Excerpts from a dataset
◆ ◆ ◆ ◆ ◆ ◆ ◆

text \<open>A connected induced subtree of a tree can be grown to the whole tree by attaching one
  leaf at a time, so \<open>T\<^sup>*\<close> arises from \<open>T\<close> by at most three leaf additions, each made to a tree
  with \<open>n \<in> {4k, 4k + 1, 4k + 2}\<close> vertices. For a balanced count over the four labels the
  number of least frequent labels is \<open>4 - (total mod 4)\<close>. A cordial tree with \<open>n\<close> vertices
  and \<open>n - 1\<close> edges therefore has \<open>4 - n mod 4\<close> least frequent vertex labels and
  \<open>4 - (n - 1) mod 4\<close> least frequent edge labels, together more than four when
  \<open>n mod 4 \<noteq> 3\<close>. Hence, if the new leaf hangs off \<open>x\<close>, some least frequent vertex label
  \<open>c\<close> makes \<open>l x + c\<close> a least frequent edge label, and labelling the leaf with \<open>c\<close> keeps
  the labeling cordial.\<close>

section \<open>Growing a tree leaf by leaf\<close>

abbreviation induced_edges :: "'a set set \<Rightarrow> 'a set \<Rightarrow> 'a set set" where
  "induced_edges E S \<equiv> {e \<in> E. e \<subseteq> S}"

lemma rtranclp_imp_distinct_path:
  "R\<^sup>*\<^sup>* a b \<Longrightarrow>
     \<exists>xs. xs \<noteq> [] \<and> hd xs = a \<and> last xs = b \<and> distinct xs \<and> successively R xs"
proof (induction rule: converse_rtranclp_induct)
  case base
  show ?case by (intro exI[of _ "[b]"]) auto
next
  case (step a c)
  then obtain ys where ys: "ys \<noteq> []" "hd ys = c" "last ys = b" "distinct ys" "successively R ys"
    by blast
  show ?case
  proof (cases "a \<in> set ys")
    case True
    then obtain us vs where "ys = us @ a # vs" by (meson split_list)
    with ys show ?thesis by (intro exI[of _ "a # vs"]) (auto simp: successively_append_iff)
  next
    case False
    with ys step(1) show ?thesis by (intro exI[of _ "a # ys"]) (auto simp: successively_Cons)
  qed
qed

◆ ◆ ◆ ◆ ◆ ◆ ◆

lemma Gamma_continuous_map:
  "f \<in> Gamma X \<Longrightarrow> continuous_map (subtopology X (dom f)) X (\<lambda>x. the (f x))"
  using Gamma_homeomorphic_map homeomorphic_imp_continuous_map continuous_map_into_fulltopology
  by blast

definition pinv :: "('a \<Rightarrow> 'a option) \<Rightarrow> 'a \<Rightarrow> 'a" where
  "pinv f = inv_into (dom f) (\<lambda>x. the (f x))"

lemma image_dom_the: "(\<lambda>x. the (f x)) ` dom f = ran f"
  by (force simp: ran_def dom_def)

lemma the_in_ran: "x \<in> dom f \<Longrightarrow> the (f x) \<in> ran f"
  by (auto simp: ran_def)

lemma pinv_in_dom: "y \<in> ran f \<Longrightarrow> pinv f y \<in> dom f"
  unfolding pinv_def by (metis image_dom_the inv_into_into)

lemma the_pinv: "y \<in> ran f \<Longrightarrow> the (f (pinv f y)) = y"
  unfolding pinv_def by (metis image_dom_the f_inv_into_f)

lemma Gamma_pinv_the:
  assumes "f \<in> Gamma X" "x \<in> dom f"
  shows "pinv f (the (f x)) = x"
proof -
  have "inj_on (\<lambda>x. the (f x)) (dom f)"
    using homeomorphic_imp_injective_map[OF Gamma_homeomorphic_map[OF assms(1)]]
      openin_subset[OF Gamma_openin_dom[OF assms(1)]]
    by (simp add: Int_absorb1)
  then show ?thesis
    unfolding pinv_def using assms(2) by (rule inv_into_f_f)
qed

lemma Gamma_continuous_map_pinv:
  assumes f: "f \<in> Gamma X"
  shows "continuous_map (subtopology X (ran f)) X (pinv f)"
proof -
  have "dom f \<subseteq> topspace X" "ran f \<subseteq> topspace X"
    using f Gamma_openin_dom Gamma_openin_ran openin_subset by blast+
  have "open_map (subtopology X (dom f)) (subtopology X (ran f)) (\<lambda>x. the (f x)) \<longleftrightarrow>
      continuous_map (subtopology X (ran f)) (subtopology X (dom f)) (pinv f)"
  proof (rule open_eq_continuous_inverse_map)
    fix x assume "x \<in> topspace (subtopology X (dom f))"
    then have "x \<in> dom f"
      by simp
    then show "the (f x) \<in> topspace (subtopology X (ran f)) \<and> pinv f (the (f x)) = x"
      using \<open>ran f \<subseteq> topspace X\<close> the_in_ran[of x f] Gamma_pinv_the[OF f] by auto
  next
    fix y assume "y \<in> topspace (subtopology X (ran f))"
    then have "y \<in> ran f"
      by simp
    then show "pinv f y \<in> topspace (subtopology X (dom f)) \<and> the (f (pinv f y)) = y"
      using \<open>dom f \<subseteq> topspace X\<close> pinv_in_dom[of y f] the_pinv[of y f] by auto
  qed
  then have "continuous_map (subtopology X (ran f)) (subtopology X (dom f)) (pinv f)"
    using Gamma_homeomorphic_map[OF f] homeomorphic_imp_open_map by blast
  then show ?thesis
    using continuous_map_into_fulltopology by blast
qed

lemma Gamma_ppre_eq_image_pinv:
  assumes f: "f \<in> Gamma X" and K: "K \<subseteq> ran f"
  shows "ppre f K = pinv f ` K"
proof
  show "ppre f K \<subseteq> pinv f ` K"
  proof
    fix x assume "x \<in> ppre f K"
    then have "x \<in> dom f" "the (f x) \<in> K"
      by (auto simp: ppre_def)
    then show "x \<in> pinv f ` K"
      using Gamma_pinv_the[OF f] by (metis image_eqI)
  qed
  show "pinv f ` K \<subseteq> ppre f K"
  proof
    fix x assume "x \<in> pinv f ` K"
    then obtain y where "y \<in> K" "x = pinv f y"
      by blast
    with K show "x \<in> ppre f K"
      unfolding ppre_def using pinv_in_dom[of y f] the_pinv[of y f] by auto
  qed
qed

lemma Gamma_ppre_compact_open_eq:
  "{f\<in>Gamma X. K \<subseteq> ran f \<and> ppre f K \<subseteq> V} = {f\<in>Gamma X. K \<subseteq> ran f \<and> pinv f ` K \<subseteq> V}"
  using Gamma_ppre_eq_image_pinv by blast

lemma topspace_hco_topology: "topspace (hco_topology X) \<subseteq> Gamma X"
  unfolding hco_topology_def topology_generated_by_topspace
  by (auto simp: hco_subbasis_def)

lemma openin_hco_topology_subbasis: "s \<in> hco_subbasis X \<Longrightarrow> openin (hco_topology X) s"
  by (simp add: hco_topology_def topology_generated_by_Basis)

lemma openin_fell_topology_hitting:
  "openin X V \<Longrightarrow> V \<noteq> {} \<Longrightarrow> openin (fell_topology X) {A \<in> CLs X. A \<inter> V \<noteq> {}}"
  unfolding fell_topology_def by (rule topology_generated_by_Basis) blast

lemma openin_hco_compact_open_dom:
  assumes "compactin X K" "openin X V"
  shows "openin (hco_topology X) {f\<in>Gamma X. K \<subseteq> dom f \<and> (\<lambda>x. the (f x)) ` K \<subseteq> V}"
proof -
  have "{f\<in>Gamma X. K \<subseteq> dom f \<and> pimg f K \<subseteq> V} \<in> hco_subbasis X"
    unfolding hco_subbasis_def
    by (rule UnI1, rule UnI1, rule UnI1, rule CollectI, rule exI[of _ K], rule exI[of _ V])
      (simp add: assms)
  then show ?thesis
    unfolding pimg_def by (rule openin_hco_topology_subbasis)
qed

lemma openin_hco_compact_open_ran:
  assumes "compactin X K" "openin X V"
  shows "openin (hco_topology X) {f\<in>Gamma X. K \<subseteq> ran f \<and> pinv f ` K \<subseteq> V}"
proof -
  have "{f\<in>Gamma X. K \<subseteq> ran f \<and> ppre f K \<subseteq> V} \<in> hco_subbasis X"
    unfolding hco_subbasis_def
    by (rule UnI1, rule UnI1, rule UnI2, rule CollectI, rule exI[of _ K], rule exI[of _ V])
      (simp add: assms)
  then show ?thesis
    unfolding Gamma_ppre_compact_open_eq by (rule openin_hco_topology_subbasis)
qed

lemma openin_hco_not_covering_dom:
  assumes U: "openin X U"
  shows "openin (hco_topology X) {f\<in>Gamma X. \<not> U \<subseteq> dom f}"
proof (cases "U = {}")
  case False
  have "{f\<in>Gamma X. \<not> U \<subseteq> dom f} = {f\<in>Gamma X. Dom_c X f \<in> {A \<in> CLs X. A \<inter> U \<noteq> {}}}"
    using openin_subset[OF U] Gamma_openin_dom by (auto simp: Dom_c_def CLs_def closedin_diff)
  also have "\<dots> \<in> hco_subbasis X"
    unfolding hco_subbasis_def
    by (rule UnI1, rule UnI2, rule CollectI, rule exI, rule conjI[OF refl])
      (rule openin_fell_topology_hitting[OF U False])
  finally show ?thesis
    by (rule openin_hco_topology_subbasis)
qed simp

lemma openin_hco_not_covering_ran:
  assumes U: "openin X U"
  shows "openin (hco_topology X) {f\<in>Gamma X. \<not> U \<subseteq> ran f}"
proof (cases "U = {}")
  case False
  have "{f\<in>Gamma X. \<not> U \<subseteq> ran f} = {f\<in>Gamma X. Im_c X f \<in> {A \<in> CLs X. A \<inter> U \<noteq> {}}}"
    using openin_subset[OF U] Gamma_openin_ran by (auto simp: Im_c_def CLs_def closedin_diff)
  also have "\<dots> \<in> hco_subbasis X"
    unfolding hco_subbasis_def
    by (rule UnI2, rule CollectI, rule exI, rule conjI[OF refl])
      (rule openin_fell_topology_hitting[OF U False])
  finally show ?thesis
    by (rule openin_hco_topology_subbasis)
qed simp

◆ ◆ ◆ ◆ ◆ ◆ ◆

▶ WORK REQUEST
Start with the line above that contains "text \<open>A connected" and stop after the line that contains "leaf at a time, so". Output those lines exactly, and only those.

▶ RESPONSE AREA
text \<open>A connected induced subtree of a tree can be grown to the whole tree by attaching one
  leaf at a time, so \<open>T\<^sup>*\<close> arises from \<open>T\<close> by at most three leaf additions, each made to a tree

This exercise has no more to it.